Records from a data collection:

>>>

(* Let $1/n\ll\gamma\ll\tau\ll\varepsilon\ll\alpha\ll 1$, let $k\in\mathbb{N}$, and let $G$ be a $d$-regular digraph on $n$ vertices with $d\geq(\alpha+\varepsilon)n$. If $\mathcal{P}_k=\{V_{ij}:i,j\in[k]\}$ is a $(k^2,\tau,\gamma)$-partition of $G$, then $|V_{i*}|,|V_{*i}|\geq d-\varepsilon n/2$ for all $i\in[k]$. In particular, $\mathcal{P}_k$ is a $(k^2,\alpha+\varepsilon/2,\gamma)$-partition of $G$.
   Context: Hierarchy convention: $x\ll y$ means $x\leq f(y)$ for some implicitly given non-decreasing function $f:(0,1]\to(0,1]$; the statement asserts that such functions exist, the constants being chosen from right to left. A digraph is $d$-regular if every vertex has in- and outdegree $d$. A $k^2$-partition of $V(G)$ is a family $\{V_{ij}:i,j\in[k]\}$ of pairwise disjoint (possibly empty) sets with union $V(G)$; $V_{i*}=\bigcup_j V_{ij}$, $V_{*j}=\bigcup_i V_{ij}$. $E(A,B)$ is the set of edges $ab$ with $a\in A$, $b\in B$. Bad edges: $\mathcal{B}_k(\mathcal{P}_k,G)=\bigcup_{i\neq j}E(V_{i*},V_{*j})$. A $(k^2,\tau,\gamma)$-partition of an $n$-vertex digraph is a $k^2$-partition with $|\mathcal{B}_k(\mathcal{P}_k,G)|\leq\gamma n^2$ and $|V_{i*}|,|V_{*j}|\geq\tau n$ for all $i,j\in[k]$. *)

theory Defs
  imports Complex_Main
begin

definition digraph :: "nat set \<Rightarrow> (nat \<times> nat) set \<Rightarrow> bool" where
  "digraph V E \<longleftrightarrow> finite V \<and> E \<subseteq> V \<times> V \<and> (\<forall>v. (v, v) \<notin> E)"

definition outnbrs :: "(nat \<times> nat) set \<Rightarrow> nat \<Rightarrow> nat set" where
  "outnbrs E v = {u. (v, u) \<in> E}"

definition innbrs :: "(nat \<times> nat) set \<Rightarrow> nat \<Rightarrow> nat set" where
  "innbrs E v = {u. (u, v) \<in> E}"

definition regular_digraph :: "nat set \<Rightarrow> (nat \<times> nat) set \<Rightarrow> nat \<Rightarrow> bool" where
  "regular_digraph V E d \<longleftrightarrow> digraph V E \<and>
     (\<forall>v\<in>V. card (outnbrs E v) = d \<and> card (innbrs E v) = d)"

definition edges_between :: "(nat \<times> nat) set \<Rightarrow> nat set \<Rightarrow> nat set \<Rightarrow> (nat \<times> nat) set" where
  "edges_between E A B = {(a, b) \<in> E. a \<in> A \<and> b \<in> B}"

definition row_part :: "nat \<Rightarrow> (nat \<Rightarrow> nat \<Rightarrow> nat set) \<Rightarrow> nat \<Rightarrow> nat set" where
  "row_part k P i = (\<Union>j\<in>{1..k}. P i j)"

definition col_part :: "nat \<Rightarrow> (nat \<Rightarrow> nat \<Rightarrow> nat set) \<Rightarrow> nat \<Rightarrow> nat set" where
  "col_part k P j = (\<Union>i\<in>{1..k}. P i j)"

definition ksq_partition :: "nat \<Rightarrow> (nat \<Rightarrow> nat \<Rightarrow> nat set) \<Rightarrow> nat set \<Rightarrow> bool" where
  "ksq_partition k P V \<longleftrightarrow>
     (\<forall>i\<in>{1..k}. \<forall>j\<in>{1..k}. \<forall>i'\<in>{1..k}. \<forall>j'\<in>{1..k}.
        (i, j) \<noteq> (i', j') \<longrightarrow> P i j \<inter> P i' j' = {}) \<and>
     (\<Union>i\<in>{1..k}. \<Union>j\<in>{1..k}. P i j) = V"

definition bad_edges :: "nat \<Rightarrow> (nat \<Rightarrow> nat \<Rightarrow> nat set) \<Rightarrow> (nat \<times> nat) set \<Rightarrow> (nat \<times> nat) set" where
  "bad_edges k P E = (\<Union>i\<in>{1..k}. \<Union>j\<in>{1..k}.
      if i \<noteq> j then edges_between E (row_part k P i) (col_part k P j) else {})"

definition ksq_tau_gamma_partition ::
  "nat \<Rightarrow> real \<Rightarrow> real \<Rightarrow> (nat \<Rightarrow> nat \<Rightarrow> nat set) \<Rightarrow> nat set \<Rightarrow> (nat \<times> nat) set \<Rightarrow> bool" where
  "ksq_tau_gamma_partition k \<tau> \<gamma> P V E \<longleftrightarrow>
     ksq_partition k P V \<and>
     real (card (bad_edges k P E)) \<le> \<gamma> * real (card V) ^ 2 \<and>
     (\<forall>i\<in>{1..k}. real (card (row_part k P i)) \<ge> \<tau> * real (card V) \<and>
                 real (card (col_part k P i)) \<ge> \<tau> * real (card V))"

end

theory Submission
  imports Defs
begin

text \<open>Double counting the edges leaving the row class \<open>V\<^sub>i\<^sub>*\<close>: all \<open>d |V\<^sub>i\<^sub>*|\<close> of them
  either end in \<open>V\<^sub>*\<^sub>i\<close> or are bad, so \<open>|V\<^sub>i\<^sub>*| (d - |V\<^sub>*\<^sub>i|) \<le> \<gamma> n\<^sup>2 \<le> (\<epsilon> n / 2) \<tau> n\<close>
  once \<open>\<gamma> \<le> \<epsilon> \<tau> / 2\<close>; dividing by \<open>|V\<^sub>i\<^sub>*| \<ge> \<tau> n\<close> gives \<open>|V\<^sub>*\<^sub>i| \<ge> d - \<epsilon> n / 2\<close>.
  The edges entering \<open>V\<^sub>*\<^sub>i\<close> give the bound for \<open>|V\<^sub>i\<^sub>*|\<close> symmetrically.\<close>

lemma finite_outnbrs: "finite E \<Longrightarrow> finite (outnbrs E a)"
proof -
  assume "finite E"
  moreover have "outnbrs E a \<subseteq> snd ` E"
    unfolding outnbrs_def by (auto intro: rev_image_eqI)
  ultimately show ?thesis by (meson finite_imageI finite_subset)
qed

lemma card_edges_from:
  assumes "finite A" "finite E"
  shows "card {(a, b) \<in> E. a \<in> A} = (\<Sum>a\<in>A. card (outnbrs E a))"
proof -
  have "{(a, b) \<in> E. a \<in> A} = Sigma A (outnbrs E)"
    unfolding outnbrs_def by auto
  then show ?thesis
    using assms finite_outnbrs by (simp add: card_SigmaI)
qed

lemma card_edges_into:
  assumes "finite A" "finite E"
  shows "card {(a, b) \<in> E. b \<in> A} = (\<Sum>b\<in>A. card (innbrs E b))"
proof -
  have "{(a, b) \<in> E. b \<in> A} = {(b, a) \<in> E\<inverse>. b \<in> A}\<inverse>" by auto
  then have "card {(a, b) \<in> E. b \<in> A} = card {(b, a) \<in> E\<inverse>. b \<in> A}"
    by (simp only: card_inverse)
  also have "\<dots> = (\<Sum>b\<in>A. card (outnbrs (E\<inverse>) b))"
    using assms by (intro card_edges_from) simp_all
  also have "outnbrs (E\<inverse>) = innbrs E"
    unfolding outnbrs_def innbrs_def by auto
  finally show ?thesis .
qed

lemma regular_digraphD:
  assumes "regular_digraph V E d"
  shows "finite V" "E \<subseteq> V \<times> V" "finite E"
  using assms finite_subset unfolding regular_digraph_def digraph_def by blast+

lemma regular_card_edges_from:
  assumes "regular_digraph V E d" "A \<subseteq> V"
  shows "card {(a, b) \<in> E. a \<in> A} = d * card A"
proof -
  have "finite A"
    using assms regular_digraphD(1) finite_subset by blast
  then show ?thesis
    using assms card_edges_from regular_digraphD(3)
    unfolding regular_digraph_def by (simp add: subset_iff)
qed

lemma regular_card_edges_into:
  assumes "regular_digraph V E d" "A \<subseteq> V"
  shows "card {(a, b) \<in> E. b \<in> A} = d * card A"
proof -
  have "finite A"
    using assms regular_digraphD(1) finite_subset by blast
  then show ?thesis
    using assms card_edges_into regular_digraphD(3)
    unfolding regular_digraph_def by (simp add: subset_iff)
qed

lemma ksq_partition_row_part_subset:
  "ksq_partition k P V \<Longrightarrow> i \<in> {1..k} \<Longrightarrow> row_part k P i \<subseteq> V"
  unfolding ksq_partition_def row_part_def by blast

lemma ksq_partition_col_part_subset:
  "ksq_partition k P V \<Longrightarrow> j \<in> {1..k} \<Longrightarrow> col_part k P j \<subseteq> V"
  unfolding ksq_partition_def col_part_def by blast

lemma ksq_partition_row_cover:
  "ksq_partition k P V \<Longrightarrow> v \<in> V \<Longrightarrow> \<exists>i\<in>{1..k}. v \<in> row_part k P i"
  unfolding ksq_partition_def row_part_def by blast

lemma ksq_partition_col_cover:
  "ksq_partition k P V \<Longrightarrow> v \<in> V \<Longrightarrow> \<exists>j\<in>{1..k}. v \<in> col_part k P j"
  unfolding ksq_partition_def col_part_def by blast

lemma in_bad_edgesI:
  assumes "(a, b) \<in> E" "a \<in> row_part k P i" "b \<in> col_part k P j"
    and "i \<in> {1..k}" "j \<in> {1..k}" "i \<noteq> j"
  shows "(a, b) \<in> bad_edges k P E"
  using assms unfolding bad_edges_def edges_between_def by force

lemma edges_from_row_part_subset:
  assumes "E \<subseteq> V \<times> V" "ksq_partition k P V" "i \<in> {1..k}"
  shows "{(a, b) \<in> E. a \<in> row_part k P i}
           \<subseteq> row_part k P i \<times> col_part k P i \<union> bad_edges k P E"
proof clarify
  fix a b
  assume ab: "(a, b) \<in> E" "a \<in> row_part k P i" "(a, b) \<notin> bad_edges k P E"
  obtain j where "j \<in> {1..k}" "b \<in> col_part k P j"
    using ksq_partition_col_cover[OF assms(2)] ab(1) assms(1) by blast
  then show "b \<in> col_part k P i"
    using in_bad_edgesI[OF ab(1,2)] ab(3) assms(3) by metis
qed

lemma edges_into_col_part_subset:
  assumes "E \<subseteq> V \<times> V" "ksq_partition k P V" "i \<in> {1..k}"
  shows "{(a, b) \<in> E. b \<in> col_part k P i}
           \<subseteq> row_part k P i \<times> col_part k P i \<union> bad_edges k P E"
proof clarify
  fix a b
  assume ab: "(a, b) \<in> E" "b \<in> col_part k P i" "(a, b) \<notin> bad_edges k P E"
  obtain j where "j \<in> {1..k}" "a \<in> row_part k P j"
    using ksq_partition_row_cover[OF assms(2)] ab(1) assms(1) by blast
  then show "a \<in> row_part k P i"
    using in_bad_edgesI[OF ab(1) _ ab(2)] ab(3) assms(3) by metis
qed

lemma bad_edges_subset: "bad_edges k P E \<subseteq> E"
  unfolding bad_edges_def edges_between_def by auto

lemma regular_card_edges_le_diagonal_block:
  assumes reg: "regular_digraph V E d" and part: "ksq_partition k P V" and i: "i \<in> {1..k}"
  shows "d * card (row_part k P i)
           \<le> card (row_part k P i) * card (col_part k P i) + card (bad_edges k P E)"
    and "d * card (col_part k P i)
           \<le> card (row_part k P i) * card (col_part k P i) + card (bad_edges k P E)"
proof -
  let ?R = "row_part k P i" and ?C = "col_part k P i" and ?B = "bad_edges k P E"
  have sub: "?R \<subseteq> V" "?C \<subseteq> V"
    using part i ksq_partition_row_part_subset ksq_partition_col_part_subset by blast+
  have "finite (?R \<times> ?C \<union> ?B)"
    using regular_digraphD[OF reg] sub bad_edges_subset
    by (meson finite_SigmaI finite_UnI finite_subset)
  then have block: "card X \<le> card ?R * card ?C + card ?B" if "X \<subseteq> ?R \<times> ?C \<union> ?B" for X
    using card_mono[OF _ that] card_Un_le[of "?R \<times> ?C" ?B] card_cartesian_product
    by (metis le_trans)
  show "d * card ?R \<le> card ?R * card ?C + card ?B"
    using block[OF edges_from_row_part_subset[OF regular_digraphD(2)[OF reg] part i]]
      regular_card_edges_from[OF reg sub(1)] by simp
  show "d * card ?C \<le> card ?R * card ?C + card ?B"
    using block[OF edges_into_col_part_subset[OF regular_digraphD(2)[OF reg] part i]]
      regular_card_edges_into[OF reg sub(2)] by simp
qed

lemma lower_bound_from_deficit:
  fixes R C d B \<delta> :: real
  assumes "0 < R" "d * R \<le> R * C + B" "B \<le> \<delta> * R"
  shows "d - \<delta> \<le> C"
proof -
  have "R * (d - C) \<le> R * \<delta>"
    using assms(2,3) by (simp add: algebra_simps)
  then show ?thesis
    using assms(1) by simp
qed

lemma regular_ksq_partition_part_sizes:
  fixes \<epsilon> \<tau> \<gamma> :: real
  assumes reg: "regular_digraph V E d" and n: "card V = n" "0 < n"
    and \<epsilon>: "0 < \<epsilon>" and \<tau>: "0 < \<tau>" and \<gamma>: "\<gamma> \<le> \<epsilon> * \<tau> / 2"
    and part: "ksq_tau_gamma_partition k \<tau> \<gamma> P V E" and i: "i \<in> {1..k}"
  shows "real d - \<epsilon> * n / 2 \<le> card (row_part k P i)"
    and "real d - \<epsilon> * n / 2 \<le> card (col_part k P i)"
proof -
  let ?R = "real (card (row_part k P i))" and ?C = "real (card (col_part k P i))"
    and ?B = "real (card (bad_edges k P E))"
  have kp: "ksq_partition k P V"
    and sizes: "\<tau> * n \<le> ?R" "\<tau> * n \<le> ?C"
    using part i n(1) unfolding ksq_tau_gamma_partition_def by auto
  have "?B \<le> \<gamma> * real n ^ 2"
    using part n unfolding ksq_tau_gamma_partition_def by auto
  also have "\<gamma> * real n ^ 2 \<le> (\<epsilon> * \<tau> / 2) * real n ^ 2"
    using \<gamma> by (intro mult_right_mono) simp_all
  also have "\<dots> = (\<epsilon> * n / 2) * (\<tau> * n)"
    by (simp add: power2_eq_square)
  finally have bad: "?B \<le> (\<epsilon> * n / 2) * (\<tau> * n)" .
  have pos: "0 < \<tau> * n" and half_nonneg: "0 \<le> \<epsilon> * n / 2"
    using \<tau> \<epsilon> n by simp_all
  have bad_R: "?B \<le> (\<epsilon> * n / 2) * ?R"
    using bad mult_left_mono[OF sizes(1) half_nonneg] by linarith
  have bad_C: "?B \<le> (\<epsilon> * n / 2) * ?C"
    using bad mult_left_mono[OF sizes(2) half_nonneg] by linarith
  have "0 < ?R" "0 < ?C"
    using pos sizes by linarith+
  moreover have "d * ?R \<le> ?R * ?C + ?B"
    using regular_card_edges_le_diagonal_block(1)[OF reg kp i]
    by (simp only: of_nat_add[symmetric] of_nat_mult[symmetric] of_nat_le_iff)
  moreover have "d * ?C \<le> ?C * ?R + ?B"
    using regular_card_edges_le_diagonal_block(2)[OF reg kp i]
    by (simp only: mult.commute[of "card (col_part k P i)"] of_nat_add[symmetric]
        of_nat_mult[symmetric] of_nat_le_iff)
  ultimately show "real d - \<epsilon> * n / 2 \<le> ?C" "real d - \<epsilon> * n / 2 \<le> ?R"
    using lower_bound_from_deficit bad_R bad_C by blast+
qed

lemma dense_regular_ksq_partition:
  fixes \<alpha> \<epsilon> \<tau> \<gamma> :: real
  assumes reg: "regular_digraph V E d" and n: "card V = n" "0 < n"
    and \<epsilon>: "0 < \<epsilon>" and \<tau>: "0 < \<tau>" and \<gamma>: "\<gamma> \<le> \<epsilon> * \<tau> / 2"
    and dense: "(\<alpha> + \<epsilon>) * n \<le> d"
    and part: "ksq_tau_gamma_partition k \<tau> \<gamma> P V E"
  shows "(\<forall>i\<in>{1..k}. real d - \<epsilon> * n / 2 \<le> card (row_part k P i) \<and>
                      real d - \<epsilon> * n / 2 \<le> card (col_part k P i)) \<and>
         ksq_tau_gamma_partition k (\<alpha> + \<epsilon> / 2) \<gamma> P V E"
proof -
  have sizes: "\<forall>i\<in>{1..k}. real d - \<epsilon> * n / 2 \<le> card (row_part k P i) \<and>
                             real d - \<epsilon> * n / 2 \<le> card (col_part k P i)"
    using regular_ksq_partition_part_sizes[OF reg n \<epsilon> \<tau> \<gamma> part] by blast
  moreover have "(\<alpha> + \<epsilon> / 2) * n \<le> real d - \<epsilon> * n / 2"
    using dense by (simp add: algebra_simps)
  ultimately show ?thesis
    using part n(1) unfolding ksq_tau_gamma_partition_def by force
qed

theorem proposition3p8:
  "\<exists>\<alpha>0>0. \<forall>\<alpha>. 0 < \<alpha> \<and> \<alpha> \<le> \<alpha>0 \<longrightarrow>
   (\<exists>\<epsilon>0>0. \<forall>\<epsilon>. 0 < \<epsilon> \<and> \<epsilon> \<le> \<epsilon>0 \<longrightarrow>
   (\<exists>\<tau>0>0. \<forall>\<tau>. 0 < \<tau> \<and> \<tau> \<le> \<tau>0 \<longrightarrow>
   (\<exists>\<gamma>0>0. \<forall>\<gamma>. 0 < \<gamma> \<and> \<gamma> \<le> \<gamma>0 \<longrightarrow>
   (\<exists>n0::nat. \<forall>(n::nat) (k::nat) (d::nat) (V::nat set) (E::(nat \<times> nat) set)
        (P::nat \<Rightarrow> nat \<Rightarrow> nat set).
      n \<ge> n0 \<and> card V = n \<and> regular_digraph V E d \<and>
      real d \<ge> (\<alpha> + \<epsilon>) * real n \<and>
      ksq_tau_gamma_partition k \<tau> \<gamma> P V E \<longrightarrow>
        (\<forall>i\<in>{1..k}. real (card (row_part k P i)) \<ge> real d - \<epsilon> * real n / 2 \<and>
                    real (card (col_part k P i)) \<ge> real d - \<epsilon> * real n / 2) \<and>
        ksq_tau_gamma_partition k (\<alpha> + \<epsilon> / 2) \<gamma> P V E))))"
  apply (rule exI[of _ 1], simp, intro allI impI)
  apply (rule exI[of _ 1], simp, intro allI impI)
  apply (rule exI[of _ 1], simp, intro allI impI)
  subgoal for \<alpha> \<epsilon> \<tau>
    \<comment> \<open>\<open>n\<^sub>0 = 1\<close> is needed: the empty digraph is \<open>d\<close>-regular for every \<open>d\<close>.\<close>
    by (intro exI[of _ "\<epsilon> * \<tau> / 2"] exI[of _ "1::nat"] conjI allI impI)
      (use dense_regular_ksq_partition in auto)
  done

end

<<<

## ASSIGNED TASK
Nothing but the lines from the top of the entries above through the line with "imports Complex_Main" should be set down, each exactly as written.

## THE ANSWER
(* Let $1/n\ll\gamma\ll\tau\ll\varepsilon\ll\alpha\ll 1$, let $k\in\mathbb{N}$, and let $G$ be a $d$-regular digraph on $n$ vertices with $d\geq(\alpha+\varepsilon)n$. If $\mathcal{P}_k=\{V_{ij}:i,j\in[k]\}$ is a $(k^2,\tau,\gamma)$-partition of $G$, then $|V_{i*}|,|V_{*i}|\geq d-\varepsilon n/2$ for all $i\in[k]$. In particular, $\mathcal{P}_k$ is a $(k^2,\alpha+\varepsilon/2,\gamma)$-partition of $G$.
   Context: Hierarchy convention: $x\ll y$ means $x\leq f(y)$ for some implicitly given non-decreasing function $f:(0,1]\to(0,1]$; the statement asserts that such functions exist, the constants being chosen from right to left. A digraph is $d$-regular if every vertex has in- and outdegree $d$. A $k^2$-partition of $V(G)$ is a family $\{V_{ij}:i,j\in[k]\}$ of pairwise disjoint (possibly empty) sets with union $V(G)$; $V_{i*}=\bigcup_j V_{ij}$, $V_{*j}=\bigcup_i V_{ij}$. $E(A,B)$ is the set of edges $ab$ with $a\in A$, $b\in B$. Bad edges: $\mathcal{B}_k(\mathcal{P}_k,G)=\bigcup_{i\neq j}E(V_{i*},V_{*j})$. A $(k^2,\tau,\gamma)$-partition of an $n$-vertex digraph is a $k^2$-partition with $|\mathcal{B}_k(\mathcal{P}_k,G)|\leq\gamma n^2$ and $|V_{i*}|,|V_{*j}|\geq\tau n$ for all $i,j\in[k]$. *)

theory Defs
  imports Complex_Main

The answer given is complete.